Last Wednesday, Neal Sales-Griffin was sworn in as the first black president of Associated Student Government in 11 years.
Many issues were raised by students and the candidates themselves during the short campaign, but race wasn’t one of them. In fact, Sales-Griffin, a SESP junior, said he didn’t know he was the first black candidate to win the presidency since 1998 until he read about it in The Daily’s story on the runoff.
Even when they’re not verbalized, however, racial issues permeate student life on campus. NU’s high level of cultural self-segregation is easy enough to recognize; just take a walk down Sheridan Road or look around a dining hall. Certain groups, fraternities and events attract certain people and not others. And the last three ASG presidents have been white males.
Will a black ASG president help weaken these boundaries? It’s a tough question, but one that’s necessary to ask.
The last black president of ASG was Yetu Robinson, SESP ’98. After Stanford Law School and a few career stops, Robinson now works in Fisk Hall as the sales manager for the Medill School of Journalism’s Media Management Center.

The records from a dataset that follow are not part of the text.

lemma etf_cong:
  assumes "\<And>j z. j \<in> J \<Longrightarrow> z < d \<Longrightarrow> y j z = y' j z"
  shows "etf q d J y a b c \<longleftrightarrow> etf q d J y' a b c"
proof -
  have "herm q d (y j) w = herm q d (y' j) w" "herm q d w (y j) = herm q d w (y' j)"
    if "j \<in> J" for j w
    using assms that by (simp_all add: herm_def)
  then show ?thesis
    unfolding etf_def using assms by (auto cong: sum.cong)
qed

locale difference_set_gabor =
  fixes q d kk lam :: nat and D :: "nat set" and \<omega> :: "'a::field"
  assumes q_pos: "0 < q"
    and d_dvd: "d dvd q + 1"
    and omega_order: "\<And>n. \<omega> ^ n = 1 \<longleftrightarrow> d dvd n"
    and difference_set: "cyclic_difference_set d kk lam D"
begin

lemma d_pos: "0 < d"
  using d_dvd by (cases d) auto

lemma D_subset: "D \<subseteq> {..<d}" and card_D: "card D = kk"
  using difference_set unfolding cyclic_difference_set_def by auto

lemma translate_subset: "translate d D t \<subseteq> {..<d}"
  by (auto simp: translate_def)

lemma omega_nonzero: "\<omega> \<noteq> 0"
  using omega_order[of d] d_pos by (auto simp: power_0_left)

lemma omega_power_q: "\<omega> ^ q = inverse \<omega>"
  using omega_order[of "q + 1"] d_dvd omega_nonzero by (simp add: field_simps)

lemma omega_power_eq_iff: "\<omega> ^ m = \<omega> ^ n \<longleftrightarrow> [m = n] (mod d)"
proof -
  have shift: "\<omega> ^ (m + k) = \<omega> ^ m \<longleftrightarrow> [m + k = m] (mod d)" for m k
  proof -
    have "\<omega> ^ (m + k) = \<omega> ^ m \<longleftrightarrow> \<omega> ^ k = 1" using omega_nonzero by (simp add: power_add)
    then show ?thesis by (simp add: omega_order cong_add_lcancel_0_nat cong_0_iff)
  qed
  show ?thesis
  proof (cases m n rule: le_cases)
    case le
    then obtain k where "n = m + k" using le_Suc_ex by blast
    then show ?thesis using shift[of m k] by (auto simp: cong_sym_eq)
  next
    case ge
    then obtain k where "m = n + k" using le_Suc_ex by blast
    then show ?thesis using shift[of n k] by auto
  qed
qed

lemma omega_ratio_power_d: "(\<omega> ^ m / \<omega> ^ n) ^ d = 1"
  using omega_order[of "m * d"] omega_order[of "n * d"]
  by (simp add: power_divide flip: power_mult)

lemma omega_ratio_eq_1_iff:
  assumes "m < d" "n < d"
  shows "\<omega> ^ m / \<omega> ^ n = 1 \<longleftrightarrow> m = n"
  using omega_power_eq_iff[of m n] cong_less_modulus_unique_nat[of m n d] assms omega_nonzero
  by auto

lemma omega_orthogonality:
  assumes "x < d" "z < d"
  shows "(\<Sum>s<d. \<omega> ^ (z * s) * inverse (\<omega> ^ (x * s))) = (if x = z then of_nat d else 0)"
proof -
  have "(\<Sum>s<d. \<omega> ^ (z * s) * inverse (\<omega> ^ (x * s))) = (\<Sum>s<d. (\<omega> ^ z / \<omega> ^ x) ^ s)"
    by (simp add: power_mult power_mult_distrib power_inverse divide_inverse)
  also have "\<dots> = (if x = z then of_nat d else 0)"
    using sum_powers_root_of_unity[OF omega_ratio_power_d] omega_ratio_eq_1_iff[OF assms(2,1)] by auto
  finally show ?thesis .
qed

definition frame_vec :: "nat \<Rightarrow> nat \<Rightarrow> nat \<Rightarrow> 'a" where
  "frame_vec s t x = \<omega> ^ (x * s) * indic (translate d D t) x"

lemma frame_vec_power_q: "frame_vec s t x ^ q = inverse (frame_vec s t x)"
proof -
  have "(\<omega> ^ (x * s)) ^ q = inverse (\<omega> ^ (x * s))"
    by (metis omega_power_q power_inverse power_mult mult.commute)
  then show ?thesis using q_pos by (simp add: frame_vec_def indic_def power_mult_distrib)
qed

Two similarities stand out between the 1997 and 2008 races. First, Robinson won a race against four other candidates, though he didn’t require a runoff. And Robinson campaigned on a platform entitled “NUnity,” which (in language that sounds similar to Sales-Griffin’s) called for collaboration between ASG, students and administrators.
“I think Neal had a very good message in terms of trying to increase transparency of ASG and trying to make a cohesive and unified student body through ASG,” Robinson said last week. “Those were good messages, and those were good platforms that students sort of go for.”

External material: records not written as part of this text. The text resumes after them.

(* Let the setting below hold, let $\sigma,\tau>0$ satisfy $\sigma\tau\|A\|^2+\tau L\le 1$, and let $(x^{(k)},z^{(k)})$ be generated either by the Bregman primal Condat--V\~u algorithm \[x^{(k+1)}=\mathrm{prox}^{\phi_{\mathrm p}}_{\tau f}\big(x^{(k)},\tau A^Tz^{(k)}+\tau\nabla h(x^{(k)})\big),\quad z^{(k+1)}=\mathrm{prox}^{\phi_{\mathrm d}}_{\sigma g^*}\big(z^{(k)},-\sigma A(2x^{(k+1)}-x^{(k)})\big),\] in which case set $d=d_-$, $\tilde d=d_{\mathrm{pcv}}$; or by the Bregman dual Condat--V\~u algorithm \[z^{(k+1)}=\mathrm{prox}^{\phi_{\mathrm d}}_{\sigma g^*}\big(z^{(k)},-\sigma Ax^{(k)}\big),\quad x^{(k+1)}=\mathrm{prox}^{\phi_{\mathrm p}}_{\tau f}\big(x^{(k)},\tau A^T(2z^{(k+1)}-z^{(k)})+\tau\nabla h(x^{(k)})\big),\] in which case set $d=d_+$, $\tilde d=d_{\mathrm{dcv}}$; in both cases starting from $x^{(0)}\in\operatorname{int}(\operatorname{dom}\phi_{\mathrm p})\cap\operatorname{dom} h$, $z^{(0)}\in\operatorname{int}(\operatorname{dom}\phi_{\mathrm d})$. Then for every $k\ge0$, all $x\in\operatorname{dom} f\cap\operatorname{dom}\phi_{\mathrm p}$ and all $z\in\operatorname{dom} g^*\cap\operatorname{dom}\phi_{\mathrm d}$, \[\mathcal L(x^{(k+1)},z)-\mathcal L(x,z^{(k+1)})\le d(x,z;x^{(k)},z^{(k)})-d(x,z;x^{(k+1)},z^{(k+1)})-\tilde d(x^{(k+1)},z^{(k+1)};x^{(k)},z^{(k)}).\]
   Context: Setting: $f:\mathbb R^n\to\mathbb R\cup\{+\infty\}$, $g:\mathbb R^m\to\mathbb R\cup\{+\infty\}$, $h$ are closed convex functions, $h$ differentiable on its open convex domain, $f+h$ and $g$ proper, $A\in\mathbb R^{m\times n}$; $g^*$ is the conjugate of $g$. Lagrangian: $\mathcal L(x,z)=f(x)+h(x)+\langle z,Ax\rangle-g^*(z)$ (with value $+\infty$ if $x\notin\operatorname{dom}(f+h)$ and $-\infty$ if $x\in\operatorname{dom}(f+h)$, $z\notin\operatorname{dom}g^*$). A Bregman kernel $\phi$ is convex with $\operatorname{int}(\operatorname{dom}\phi)\neq\emptyset$, continuous on $\operatorname{dom}\phi$, continuously differentiable on $\operatorname{int}(\operatorname{dom}\phi)$; its distance is $d(x,y)=\phi(x)-\phi(y)-\langle\nabla\phi(y),x-y\rangle$ on $\operatorname{dom}\phi\times\operatorname{int}(\operatorname{dom}\phi)$, and $\mathrm{prox}^\phi_F(y,a)=\operatorname{argmin}_x\big(F(x)+\langle a,x\rangle+d(x,y)\big)$, assumed for every $a$ and $y\in\operatorname{int}(\operatorname{dom}\phi)$ to be a unique point of $\operatorname{int}(\operatorname{dom}\phi)$. Kernels $\phi_{\mathrm p}$ on $\mathbb R^n$ and $\phi_{\mathrm d}$ on $\mathbb R^m$ have distances $d_{\mathrm p},d_{\mathrm d}$ with $d_{\mathrm p}(x,x')\ge\frac12\|x-x'\|_{\mathrm p}^2$, $d_{\mathrm d}(z,z')\ge\frac12\|z-z'\|_{\mathrm d}^2$ for norms $\|\cdot\|_{\mathrm p},\|\cdot\|_{\mathrm d}$. Also $\operatorname{dom}\phi_{\mathrm p}\subseteq\operatorname{dom}h$ and $h(x)-h(x')-\langle\nabla h(x'),x-x'\rangle\le L\,d_{\mathrm p}(x,x')$ for all $(x,x')\in\operatorname{dom}d_{\mathrm p}$, for some $L>0$. $\|A\|=\sup_{u\ne0,v\ne0}\langle v,Au\rangle/(\|v\|_{\mathrm d}\|u\|_{\mathrm p})$. The optimality conditions $0\in\partial f(x)+\nabla h(x)+A^Tz$, $0\in\partial g^*(z)-Ax$ have a solution $(x^\star,z^\star)\in\operatorname{dom}\phi_{\mathrm p}\times\operatorname{dom}\phi_{\mathrm d}$. Distances: $d_\pm(x,z;x',z')=\frac1\tau d_{\mathrm p}(x,x')+\frac1\sigma d_{\mathrm d}(z,z')\pm\langle z-z',A(x-x')\rangle$, $d_{\mathrm{pcv}}(x,z;x',z')=d_-(x,z;x',z')-h(x)+h(x')+\langle\nabla h(x'),x-x'\rangle$, $d_{\mathrm{dcv}}(x,z;x',z')=d_+(x,z;x',z')-h(x)+h(x')+\langle\nabla h(x'),x-x'\rangle$. *)

theory Defs
  imports "HOL-Analysis.Analysis" "HOL-Library.Extended_Real"
begin

definition edom :: "('a \<Rightarrow> ereal) \<Rightarrow> 'a set" where
  "edom F = {x. F x < \<infinity>}"

definition epigraph :: "('a \<Rightarrow> ereal) \<Rightarrow> ('a \<times> real) set" where
  "epigraph F = {(x, t). F x \<le> ereal t}"

definition econvex :: "('a::real_vector \<Rightarrow> ereal) \<Rightarrow> bool" where
  "econvex F \<longleftrightarrow> convex (epigraph F)"

definition closed_convex_fun :: "('a::real_normed_vector \<Rightarrow> ereal) \<Rightarrow> bool" where
  "closed_convex_fun F \<longleftrightarrow> convex (epigraph F) \<and> closed (epigraph F)"

definition eproper :: "('a \<Rightarrow> ereal) \<Rightarrow> bool" where
  "eproper F \<longleftrightarrow> (\<forall>x. F x \<noteq> -\<infinity>) \<and> (\<exists>x. F x < \<infinity>)"

definition econj :: "('a::real_inner \<Rightarrow> ereal) \<Rightarrow> 'a \<Rightarrow> ereal" where
  "econj G z = (SUP y. ereal (z \<bullet> y) - G y)"

definition esubdiff :: "('a::real_inner \<Rightarrow> ereal) \<Rightarrow> 'a \<Rightarrow> 'a set" where
  "esubdiff F x = {s. F x < \<infinity> \<and> (\<forall>y. F y \<ge> F x + ereal (s \<bullet> (y - x)))}"

definition is_norm :: "('a::real_vector \<Rightarrow> real) \<Rightarrow> bool" where
  "is_norm N \<longleftrightarrow> (\<forall>x. N x \<ge> 0 \<and> (N x = 0 \<longleftrightarrow> x = 0)) \<and>
     (\<forall>c x. N (c *\<^sub>R x) = \<bar>c\<bar> * N x) \<and> (\<forall>x y. N (x + y) \<le> N x + N y)"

Robinson called race a “moot issue” within ASG during his time as president.
“I think I was just as able to participate and communicate with members of the Hillel community as I was with FMO members as I was with Casa Hispana (now Alianza) members,” Robinson said. “I just think it’s about being able to connect, being able to bring your message to groups and being able to bring their message back to ASG and the greater community.”
Robinson said his extensive experience in ASG helped him work as president with senators and student groups. As a junior, Robinson was speaker of the Senate, and he served as rules chairman the year before. Even so, Robinson said being aware of racial stereotypes made him “work a bit harder.”
“It was true, a lot of times, maybe people hadn’t worked with a black male before, and it’s kind of sad that we’re at Northwestern and those sorts of instances still occur,” Robinson said. “But I was determined to get things done and not let things like that get in the way. And I think people saw that and we got past it if there was a problem.”
Sales-Griffin, who is also part-Filipino and part-Honduran, pointed out in an interview last week that blacks and other minorities have held other significant leadership positions on campus. One of his goals, he said, is to involve not only blacks, but more female students and cultural groups, with ASG.
“They need to know why they should care,” Sales-Griffin said. “Before I could tell them who to vote for, I needed to tell them why to vote.”
ASG represents and funds a wide range of student groups, where some gain money at others’ expense, and this process can inevitably cause questions of bias. Having a black president will not prevent these questions. But achieving diversity at the top of ASG can only help.